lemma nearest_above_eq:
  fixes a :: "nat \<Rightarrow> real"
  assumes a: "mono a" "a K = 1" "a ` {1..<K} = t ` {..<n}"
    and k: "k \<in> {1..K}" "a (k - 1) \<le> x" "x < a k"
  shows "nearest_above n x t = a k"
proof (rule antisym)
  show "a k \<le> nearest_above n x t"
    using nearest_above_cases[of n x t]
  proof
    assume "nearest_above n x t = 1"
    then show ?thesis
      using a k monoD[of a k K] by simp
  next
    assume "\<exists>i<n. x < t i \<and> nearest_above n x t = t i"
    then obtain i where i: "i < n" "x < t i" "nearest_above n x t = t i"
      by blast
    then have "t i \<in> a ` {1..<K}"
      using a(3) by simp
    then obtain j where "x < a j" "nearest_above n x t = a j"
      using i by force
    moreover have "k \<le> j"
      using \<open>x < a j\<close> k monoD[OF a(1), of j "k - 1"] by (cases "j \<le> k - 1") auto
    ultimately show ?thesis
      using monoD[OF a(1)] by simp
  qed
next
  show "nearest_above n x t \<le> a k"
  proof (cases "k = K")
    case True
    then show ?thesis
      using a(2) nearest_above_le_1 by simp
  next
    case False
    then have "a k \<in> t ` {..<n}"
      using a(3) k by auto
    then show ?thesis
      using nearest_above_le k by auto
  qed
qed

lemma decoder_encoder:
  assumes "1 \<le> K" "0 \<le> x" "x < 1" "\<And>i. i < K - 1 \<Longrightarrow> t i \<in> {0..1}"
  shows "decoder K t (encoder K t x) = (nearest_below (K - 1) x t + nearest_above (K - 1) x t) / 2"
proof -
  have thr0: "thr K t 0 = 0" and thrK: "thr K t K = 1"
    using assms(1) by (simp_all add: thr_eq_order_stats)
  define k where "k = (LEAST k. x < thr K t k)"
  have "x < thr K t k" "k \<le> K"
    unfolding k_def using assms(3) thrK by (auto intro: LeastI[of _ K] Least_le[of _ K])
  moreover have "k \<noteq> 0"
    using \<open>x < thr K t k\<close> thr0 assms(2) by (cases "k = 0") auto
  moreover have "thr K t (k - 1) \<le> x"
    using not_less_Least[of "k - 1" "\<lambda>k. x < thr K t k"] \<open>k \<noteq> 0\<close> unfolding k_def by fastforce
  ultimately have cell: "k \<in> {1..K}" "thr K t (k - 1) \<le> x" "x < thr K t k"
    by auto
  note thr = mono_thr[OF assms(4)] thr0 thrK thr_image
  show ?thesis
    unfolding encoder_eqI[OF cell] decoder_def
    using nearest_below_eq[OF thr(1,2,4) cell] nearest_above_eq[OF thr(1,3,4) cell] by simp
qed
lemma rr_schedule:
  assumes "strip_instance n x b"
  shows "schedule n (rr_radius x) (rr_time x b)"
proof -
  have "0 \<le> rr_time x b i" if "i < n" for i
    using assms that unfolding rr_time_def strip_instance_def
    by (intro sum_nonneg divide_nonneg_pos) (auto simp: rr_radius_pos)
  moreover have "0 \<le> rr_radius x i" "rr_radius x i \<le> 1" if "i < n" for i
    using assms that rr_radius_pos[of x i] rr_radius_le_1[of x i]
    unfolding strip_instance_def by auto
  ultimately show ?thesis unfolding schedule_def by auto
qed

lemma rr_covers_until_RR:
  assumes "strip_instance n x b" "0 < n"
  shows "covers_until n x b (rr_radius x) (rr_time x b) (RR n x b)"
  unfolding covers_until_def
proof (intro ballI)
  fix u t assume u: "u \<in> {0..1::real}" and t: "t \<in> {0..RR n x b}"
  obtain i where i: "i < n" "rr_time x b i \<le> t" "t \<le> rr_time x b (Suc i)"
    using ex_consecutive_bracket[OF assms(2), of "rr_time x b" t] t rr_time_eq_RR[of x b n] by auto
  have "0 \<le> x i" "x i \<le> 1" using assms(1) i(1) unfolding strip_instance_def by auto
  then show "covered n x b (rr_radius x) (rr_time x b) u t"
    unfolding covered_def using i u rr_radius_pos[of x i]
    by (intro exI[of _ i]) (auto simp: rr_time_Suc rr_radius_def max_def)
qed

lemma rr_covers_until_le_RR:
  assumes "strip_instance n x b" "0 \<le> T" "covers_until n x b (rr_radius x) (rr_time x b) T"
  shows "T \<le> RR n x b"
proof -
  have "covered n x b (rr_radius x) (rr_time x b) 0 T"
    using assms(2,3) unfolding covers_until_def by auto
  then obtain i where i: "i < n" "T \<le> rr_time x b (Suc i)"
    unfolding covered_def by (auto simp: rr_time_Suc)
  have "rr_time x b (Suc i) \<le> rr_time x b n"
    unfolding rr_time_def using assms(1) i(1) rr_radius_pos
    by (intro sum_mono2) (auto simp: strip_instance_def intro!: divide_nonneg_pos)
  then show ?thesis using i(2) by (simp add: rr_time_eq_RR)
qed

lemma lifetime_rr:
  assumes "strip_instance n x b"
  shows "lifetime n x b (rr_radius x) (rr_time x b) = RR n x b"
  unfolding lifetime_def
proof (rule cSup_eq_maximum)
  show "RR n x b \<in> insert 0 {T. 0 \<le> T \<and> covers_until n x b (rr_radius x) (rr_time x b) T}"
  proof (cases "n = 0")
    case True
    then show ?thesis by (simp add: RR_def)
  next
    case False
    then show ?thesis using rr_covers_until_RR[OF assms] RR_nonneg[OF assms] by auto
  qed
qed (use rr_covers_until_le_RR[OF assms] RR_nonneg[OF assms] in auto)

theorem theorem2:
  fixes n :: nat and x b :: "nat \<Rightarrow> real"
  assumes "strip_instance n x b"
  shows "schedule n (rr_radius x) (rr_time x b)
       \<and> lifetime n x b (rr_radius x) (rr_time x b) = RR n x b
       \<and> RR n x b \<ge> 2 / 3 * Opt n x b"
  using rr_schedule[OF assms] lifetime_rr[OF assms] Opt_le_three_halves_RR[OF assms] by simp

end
+++
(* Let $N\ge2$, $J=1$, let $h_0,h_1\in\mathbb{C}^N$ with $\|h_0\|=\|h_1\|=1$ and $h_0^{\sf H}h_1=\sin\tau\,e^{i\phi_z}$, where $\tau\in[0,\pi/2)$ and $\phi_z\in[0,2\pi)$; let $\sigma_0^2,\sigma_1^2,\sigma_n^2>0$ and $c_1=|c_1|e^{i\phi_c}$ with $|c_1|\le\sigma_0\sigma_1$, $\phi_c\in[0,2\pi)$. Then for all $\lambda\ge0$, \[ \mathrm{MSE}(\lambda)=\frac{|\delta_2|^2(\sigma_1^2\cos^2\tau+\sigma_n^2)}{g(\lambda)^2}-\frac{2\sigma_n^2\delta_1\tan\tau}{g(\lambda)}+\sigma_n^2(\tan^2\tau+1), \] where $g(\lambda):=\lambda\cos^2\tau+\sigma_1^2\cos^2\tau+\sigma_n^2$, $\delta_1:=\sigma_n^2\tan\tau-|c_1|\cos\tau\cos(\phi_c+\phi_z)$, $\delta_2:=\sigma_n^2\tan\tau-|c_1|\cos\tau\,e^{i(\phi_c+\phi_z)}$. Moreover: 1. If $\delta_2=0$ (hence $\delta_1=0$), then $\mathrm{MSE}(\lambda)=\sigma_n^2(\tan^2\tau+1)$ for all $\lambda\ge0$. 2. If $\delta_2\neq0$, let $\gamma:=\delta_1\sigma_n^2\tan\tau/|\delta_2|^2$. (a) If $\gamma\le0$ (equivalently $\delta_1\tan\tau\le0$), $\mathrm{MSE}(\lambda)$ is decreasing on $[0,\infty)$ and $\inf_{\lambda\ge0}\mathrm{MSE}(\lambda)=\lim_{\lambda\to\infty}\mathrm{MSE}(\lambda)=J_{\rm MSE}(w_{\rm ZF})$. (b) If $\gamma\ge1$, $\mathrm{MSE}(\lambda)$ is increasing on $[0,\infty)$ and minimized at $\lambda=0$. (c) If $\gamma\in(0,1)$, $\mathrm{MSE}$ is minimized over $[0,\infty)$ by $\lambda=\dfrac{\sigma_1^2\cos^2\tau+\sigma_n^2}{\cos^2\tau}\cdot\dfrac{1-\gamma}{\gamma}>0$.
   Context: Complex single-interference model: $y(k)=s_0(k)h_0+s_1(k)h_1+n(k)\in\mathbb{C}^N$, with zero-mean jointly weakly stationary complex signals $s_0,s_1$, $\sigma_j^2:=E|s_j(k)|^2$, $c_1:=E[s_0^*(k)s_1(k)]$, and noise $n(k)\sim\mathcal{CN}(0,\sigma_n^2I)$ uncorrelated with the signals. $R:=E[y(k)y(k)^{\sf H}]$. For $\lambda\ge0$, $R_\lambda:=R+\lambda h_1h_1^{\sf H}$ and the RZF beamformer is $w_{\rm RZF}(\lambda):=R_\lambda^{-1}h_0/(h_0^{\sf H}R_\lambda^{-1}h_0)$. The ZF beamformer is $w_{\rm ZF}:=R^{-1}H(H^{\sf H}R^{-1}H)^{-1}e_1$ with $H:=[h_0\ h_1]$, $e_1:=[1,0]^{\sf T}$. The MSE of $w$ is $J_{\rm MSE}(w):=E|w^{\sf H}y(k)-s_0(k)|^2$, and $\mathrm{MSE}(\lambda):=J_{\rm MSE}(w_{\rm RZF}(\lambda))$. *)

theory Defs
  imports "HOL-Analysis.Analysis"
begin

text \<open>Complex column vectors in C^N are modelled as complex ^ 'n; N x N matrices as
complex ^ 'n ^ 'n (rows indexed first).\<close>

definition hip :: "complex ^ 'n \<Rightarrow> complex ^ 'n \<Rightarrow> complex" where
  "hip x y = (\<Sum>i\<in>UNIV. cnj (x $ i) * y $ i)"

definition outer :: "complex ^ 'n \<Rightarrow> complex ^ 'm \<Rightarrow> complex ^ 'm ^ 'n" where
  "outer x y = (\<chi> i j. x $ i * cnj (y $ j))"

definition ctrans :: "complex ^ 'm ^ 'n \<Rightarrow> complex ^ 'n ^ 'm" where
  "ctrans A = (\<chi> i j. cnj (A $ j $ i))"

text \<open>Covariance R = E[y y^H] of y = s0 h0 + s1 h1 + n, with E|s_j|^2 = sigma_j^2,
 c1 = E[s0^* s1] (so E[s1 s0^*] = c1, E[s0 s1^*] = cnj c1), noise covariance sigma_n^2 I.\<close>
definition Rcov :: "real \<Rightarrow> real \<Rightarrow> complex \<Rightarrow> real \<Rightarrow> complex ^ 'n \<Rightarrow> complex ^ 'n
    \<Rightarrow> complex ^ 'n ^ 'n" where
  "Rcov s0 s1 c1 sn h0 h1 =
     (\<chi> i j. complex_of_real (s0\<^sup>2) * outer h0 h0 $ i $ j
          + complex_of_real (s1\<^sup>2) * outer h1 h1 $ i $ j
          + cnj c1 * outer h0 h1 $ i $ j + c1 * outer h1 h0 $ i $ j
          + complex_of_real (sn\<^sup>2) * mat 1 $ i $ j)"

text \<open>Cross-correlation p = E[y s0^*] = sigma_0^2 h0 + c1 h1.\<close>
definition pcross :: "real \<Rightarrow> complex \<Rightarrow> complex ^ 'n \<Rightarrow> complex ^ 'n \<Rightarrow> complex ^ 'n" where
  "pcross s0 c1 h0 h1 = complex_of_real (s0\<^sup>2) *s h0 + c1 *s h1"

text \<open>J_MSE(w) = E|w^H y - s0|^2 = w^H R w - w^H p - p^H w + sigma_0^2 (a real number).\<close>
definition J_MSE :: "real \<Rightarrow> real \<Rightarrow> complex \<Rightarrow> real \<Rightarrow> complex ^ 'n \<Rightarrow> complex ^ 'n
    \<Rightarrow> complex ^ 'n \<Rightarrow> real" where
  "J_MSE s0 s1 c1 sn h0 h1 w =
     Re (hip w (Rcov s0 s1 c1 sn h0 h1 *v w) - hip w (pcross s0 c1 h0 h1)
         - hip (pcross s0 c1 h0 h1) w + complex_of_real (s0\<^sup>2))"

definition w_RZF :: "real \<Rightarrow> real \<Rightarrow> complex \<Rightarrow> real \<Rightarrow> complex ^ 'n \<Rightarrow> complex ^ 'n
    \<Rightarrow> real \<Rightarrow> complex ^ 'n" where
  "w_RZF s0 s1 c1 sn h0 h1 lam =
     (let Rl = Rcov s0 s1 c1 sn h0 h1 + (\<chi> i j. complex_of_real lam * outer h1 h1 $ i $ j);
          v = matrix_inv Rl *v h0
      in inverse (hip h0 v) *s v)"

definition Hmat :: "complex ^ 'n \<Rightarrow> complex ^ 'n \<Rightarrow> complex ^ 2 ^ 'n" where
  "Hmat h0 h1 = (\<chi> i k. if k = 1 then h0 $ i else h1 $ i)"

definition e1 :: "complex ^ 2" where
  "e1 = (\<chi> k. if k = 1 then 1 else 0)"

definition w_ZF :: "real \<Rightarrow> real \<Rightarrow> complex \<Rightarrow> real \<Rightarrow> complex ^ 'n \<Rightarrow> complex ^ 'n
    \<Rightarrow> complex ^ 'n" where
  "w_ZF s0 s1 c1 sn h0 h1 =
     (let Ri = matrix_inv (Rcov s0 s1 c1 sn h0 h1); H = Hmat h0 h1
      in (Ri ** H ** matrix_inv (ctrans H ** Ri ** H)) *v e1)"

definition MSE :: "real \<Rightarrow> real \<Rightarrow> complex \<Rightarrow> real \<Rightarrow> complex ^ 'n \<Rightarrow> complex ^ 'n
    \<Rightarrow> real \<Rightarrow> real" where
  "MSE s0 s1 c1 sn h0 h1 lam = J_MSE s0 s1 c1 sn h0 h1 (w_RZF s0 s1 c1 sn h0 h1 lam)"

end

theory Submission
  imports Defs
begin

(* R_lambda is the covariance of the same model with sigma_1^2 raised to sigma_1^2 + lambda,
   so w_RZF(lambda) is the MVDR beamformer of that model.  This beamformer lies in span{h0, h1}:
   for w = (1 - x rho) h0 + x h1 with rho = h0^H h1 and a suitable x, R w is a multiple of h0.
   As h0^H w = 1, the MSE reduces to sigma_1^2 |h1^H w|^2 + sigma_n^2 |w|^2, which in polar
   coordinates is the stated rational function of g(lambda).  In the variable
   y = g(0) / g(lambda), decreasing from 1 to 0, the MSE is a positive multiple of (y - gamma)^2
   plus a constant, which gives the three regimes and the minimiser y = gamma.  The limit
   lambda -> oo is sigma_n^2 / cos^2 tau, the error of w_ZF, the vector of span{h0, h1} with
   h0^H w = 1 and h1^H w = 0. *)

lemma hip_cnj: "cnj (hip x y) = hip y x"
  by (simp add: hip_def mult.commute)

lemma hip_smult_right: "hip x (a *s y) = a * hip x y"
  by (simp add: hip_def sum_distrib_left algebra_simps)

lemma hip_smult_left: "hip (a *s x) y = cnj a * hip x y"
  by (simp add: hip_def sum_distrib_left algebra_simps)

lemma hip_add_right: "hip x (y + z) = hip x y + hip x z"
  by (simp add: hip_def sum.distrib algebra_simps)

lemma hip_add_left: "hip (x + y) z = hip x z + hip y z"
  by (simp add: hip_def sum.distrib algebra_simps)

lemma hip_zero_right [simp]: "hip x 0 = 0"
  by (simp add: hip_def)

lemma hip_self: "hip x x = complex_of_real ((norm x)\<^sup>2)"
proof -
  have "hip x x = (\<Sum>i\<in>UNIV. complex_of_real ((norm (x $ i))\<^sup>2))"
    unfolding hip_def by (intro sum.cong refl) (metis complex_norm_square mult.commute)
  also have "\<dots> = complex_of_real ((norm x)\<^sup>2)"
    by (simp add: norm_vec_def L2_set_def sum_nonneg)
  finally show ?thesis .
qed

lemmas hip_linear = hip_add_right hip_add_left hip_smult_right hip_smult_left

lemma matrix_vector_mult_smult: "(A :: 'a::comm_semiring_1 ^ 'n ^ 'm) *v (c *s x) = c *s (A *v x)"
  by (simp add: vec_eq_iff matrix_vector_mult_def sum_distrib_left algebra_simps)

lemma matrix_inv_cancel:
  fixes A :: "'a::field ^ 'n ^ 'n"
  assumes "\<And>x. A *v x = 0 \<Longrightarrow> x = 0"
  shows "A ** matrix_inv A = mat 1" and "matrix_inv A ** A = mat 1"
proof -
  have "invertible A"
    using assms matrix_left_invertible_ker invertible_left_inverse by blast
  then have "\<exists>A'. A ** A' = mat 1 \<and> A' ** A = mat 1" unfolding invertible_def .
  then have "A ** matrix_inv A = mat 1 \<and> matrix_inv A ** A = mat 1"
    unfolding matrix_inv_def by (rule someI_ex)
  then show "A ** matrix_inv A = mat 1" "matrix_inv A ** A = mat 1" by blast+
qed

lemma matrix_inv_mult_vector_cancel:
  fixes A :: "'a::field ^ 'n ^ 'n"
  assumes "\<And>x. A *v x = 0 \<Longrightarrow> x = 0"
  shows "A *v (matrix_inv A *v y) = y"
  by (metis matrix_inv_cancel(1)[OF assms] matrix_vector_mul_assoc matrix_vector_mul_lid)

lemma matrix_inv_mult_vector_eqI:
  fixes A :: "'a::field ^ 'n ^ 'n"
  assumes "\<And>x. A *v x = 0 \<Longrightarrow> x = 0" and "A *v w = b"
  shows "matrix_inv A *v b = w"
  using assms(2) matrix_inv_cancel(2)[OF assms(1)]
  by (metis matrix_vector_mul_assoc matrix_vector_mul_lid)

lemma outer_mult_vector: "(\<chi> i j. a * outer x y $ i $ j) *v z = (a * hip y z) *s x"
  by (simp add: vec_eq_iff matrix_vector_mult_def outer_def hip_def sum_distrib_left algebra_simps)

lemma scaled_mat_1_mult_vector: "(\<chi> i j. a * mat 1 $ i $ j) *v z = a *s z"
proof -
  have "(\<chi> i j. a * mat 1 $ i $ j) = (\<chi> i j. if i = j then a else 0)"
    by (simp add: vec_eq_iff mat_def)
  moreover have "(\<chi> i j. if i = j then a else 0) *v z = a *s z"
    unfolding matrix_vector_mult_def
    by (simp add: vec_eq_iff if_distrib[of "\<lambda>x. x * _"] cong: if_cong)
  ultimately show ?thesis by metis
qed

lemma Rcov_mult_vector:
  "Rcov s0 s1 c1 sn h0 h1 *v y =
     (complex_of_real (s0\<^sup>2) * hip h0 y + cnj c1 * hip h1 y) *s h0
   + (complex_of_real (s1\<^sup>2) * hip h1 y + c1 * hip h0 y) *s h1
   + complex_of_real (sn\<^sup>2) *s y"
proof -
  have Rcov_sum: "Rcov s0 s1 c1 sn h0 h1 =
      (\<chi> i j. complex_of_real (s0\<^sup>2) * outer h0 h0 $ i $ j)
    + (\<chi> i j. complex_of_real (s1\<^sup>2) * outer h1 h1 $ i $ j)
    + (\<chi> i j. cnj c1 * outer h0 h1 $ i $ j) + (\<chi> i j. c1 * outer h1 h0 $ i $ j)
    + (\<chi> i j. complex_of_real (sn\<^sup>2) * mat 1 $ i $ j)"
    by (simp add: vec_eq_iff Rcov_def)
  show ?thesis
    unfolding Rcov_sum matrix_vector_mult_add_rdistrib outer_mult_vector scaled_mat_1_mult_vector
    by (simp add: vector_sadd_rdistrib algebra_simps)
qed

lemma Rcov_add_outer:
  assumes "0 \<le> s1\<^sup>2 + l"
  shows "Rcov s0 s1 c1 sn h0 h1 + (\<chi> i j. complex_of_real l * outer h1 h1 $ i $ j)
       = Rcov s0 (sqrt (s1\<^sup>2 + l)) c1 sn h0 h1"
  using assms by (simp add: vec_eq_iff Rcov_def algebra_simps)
+++
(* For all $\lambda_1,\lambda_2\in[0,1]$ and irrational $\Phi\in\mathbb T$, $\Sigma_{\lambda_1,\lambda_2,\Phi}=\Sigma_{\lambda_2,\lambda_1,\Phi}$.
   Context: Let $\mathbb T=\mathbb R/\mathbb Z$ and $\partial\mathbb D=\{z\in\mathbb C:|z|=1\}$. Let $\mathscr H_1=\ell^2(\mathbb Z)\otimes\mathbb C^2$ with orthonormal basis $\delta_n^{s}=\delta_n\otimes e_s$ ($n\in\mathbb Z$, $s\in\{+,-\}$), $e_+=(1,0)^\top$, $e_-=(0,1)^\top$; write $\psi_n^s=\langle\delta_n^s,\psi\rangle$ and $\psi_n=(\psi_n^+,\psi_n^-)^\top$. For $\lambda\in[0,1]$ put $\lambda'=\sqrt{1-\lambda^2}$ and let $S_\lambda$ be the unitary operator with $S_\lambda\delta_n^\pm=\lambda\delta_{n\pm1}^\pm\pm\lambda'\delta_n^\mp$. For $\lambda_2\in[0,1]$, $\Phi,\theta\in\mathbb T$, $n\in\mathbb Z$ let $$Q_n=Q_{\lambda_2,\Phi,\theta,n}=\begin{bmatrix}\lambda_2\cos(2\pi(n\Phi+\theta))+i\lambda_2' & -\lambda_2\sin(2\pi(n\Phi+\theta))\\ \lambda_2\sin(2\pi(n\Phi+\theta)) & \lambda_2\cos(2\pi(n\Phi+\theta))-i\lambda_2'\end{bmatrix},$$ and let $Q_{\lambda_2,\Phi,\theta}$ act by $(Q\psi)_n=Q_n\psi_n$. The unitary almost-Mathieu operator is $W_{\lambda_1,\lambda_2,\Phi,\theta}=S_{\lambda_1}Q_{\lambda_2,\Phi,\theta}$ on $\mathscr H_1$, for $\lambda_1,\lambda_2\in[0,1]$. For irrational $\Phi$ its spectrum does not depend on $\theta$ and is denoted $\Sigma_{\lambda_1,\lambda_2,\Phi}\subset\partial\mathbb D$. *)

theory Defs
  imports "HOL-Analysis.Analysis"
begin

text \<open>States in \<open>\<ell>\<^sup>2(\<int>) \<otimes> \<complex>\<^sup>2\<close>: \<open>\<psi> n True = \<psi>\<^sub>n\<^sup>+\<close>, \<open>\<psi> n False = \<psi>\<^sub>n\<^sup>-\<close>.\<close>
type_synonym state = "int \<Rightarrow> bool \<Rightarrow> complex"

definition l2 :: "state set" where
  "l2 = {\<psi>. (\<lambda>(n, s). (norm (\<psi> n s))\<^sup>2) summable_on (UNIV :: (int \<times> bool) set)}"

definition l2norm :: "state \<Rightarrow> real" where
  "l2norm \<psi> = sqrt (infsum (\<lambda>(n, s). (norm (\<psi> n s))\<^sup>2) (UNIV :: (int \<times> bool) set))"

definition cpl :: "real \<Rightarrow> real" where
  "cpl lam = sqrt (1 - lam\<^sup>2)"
+++
* Task details: Using the entries above, return each line in which the word "thrK" occurs.

* Solution:
  have thr0: "thr K t 0 = 0" and thrK: "thr K t K = 1"
    unfolding k_def using assms(3) thrK by (auto intro: LeastI[of _ K] Least_le[of _ K])
  note thr = mono_thr[OF assms(4)] thr0 thrK thr_image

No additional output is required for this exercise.